The partnership relation is one of mutual agency (Carter v. Tucker, 205 Ky. 438, 266 S. W. 9; Geo. Bohon Co. v. Moren & Sipple, 151 Ky. 811, 152 S. W. 944; Chambers v. Johnston, 180 Ky. 73, 201 S. W. 488), and so long as the active partner with whom the claimants contracted is living, all are competent witnesses to prove such facts. On the contrary, if the active agent is dead,, parties may not testify for themselves as to any conversations or transactions with the deceased agent. Harpending v. Daniel, 80 Ky. 449; Mutual Life Ins. Co. v. O’Neil, 116 Ky. 742, 76 S. W. 839, 25 Ky. Law Rep. 983; Anderson v. L. & N. R. Co., 134 Ky. 343, 120 S. W. 298, 20 Ann. Cas. 920; C. N. O. & T. P. R. Co. v. Martin, 146 Ky. 260, 142 S. W. 410. The testimony was uncontradicted that the money was borrowed by A. D. Ross in the conduct of the business which was afterwards adjudged to be a partnership business. No question is made as to the validity of the debts. No proof was offered tending to suggest that they were the personal debts of A. D. Ross apart from the business in which he and his grandfather were engaged. Indeed, the testimony shows that the money borrowed from the bank was used to build a house on the partnership lands. The evidence is not vague or uncertain, but positive and direct, and there is nothing at all to indicate a contrary conclusion. We think the commissioner’s report was fully sustained by the evidence and that the circuit court erred in sustaining the exceptions to it.

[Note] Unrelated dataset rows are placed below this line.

lemma not_almost_increasing_flat_stretches:
  assumes "d > 0"
    and stretch: "\<And>k. a k \<le> b k" "\<And>k. T (a k) = T (b k)"
    and ratio: "filterlim (\<lambda>k. (real (b k) + 1) / (real (a k) + 1)) at_top sequentially"
  shows "\<not> almost_increasing (\<lambda>p. (real p + 1) powr (- d) * exp (T p))"
proof
  assume "almost_increasing (\<lambda>p. (real p + 1) powr (- d) * exp (T p))"
  then obtain c where ai: "\<And>p q. p \<le> q \<Longrightarrow>
      (real p + 1) powr (- d) * exp (T p) \<le> c * ((real q + 1) powr (- d) * exp (T q))"
    unfolding almost_increasing_def by blast
  have "filterlim (\<lambda>x::real. x powr d) at_top at_top" using \<open>d > 0\<close> by real_asymp
  from filterlim_compose[OF this ratio]
  have "eventually (\<lambda>k. ((real (b k) + 1) / (real (a k) + 1)) powr d > c) sequentially"
    by (simp add: filterlim_at_top_dense)
  then obtain k where k: "((real (b k) + 1) / (real (a k) + 1)) powr d > c"
    by (auto simp: eventually_sequentially)
  have "(real (a k) + 1) powr (- d) \<le> c * (real (b k) + 1) powr (- d)"
    using ai[OF stretch(1)[of k]] stretch(2)[of k] by simp
  then have "(real (b k) + 1) powr d \<le> c * (real (a k) + 1) powr d"
    by (simp add: powr_minus field_simps)
  then have "((real (b k) + 1) / (real (a k) + 1)) powr d \<le> c"
    by (simp add: powr_divide field_simps)
  with k show False by simp
qed

definition jump_point :: "nat \<Rightarrow> nat" where
  "jump_point k = fact (Suc k)"

definition jump_height :: "nat \<Rightarrow> real" where
  "jump_height k = exp ((real (jump_point k) + 1)^2)"

definition staircase :: "nat \<Rightarrow> real" where
  "staircase p = (\<Sum>j | jump_point j < p. jump_height j)"

definition staircase_quot :: "real \<Rightarrow> nat \<Rightarrow> real" where
  "staircase_quot \<beta> p = (real p + 1) powr \<beta> * exp (staircase p)"

lemma jump_point_Suc: "jump_point (Suc k) = (k + 2) * jump_point k"
  unfolding jump_point_def by (simp add: fact_Suc[of "Suc k"])

lemma jump_point_gt: "k < jump_point k"
  using fact_ge_self[of "Suc k"] unfolding jump_point_def by simp

lemma strict_mono_jump_point: "strict_mono jump_point"
  unfolding strict_mono_Suc_iff jump_point_Suc by (simp add: jump_point_def)

lemma real_jump_point_less_jump_height: "real (jump_point k) < jump_height k"
proof -
  have "real (jump_point k) < 1 + (real (jump_point k) + 1)^2"
    by (simp add: power2_eq_square algebra_simps add_nonneg_pos add_pos_nonneg)
  also have "\<dots> \<le> jump_height k"
    unfolding jump_height_def by (rule exp_ge_add_one_self)
  finally show ?thesis .
qed
(* $N(k,3) = 2k$ for all integers $k \geq 9$.
   Context: A $k$-power is a word of the form $u^k$ (concatenation of $k$ copies of $u$) with $u$ nonempty. A $3$-antipower is a word $u_1u_2u_3$ with $|u_1|=|u_2|=|u_3|$ and $u_1,u_2,u_3$ pairwise distinct. $N(k,r)$ is the smallest integer $\ell$ such that every binary word of length $\ell$ contains either a $k$-power or an $r$-antipower as a factor (contiguous subword). *)

theory Defs
  imports Main
begin

definition is_factor :: "'a list \<Rightarrow> 'a list \<Rightarrow> bool" where
  "is_factor v w \<longleftrightarrow> (\<exists>x y. w = x @ v @ y)"

definition is_power :: "nat \<Rightarrow> 'a list \<Rightarrow> bool" where
  "is_power k w \<longleftrightarrow> (\<exists>u. u \<noteq> [] \<and> w = concat (replicate k u))"

definition is_antipower :: "nat \<Rightarrow> 'a list \<Rightarrow> bool" where
  "is_antipower r w \<longleftrightarrow> (\<exists>us. length us = r \<and> w = concat us \<and> distinct us \<and>
       (\<forall>u\<in>set us. \<forall>v\<in>set us. length u = length v))"

definition N :: "nat \<Rightarrow> nat \<Rightarrow> nat" where
  "N k r = (LEAST l. \<forall>w :: bool list. length w = l \<longrightarrow>
      (\<exists>v. is_factor v w \<and> (is_power k v \<or> is_antipower r v)))"

end

theory Submission
  imports Defs
begin

text \<open>
  The word a^(k-1) b a^(k-1) of length 2k - 1 has no k-power factor, since a k-power with at
  most one letter b is a run of k letters a, and no 3-antipower factor, since two of its three
  blocks would be equal powers of a.

  Conversely let w be a binary word of length 2k without such factors. Enumerating the
  3-antipower-free binary words of lengths 12 and 13 shows that every window of length 12 of w
  either alternates or has a majority letter c with at most one other letter in its interior,
  and that overlapping windows are of the same kind. If all windows alternate, then w = (ab)^k.
  Otherwise take the letters p < k <= q different from c that are closest to the middle of w;
  they exist and satisfy q - p <= k because c^k is no factor of w, and q - p >= 7 by the
  property of the windows. Three consecutive blocks of length about (q - p)/3 whose middle block
  lies inside the run of c between p and q then form a 3-antipower.
\<close>

definition power_antipower_free :: "nat \<Rightarrow> nat \<Rightarrow> 'a list \<Rightarrow> bool" where
  "power_antipower_free k r w \<longleftrightarrow> (\<forall>v. is_factor v w \<longrightarrow> \<not> is_power k v \<and> \<not> is_antipower r v)"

But it is argued that even though the money was borrowed by A. D. Ross for the purpose and actually used in the partnership business, it is nevertheless an individual debt because the credit was extended to him and his notes were taken to evidence the contract. It has been noted that when the obligations were created A. D. Ross was acting in his individual capacity as owner of the property and manager of the business and the title to the property was in him. But when it was determined that it was a partnership business, his acts respecting it became partnership transactions. The fact of the partnership is the essential»thing, and the name in which the business was transacted is wholly immaterial. Faris v. Cook, 110 Ky. 867, 62 S. W. 1043, 63 S. W. 600, 23 Ky. Law Rep. 328. It is not a case where a person borrows money and gives his note therefor to invest in a partnership. Nor is it an attempt to hold a partnership liable for the personal debt of a partner. It comes within the rule that where a party does business with an agent for an undisclosed principal and afterwards discovers the principal, he may hold the principal for the debt. Geary v. Taylor, 166 Ky. 501, 179 S. W. 426. In this instance A. D. Ross, as it later turned out, was acting as agent for a firm, and the creditors had a right to hold the firm responsible. The true relationship of all parties to the transactions had to be shown. The form of the transactions could not be disregarded for the purpose of taking the assets, and maintained for the purpose of defeating the debts. Winston & Co. v. Clark County Construction Co., 186 Ky. 748, 217 S. W. 1027; Walker v. Walker, 228 Ky. 357, 15 S. W. (2d) 298.

It is apparent that the circuit court erred in disallowing the three claims mentioned. They should be paid from the funds arising from the firm assets.

The judgment is reversed for proceedings consistent with this opinion.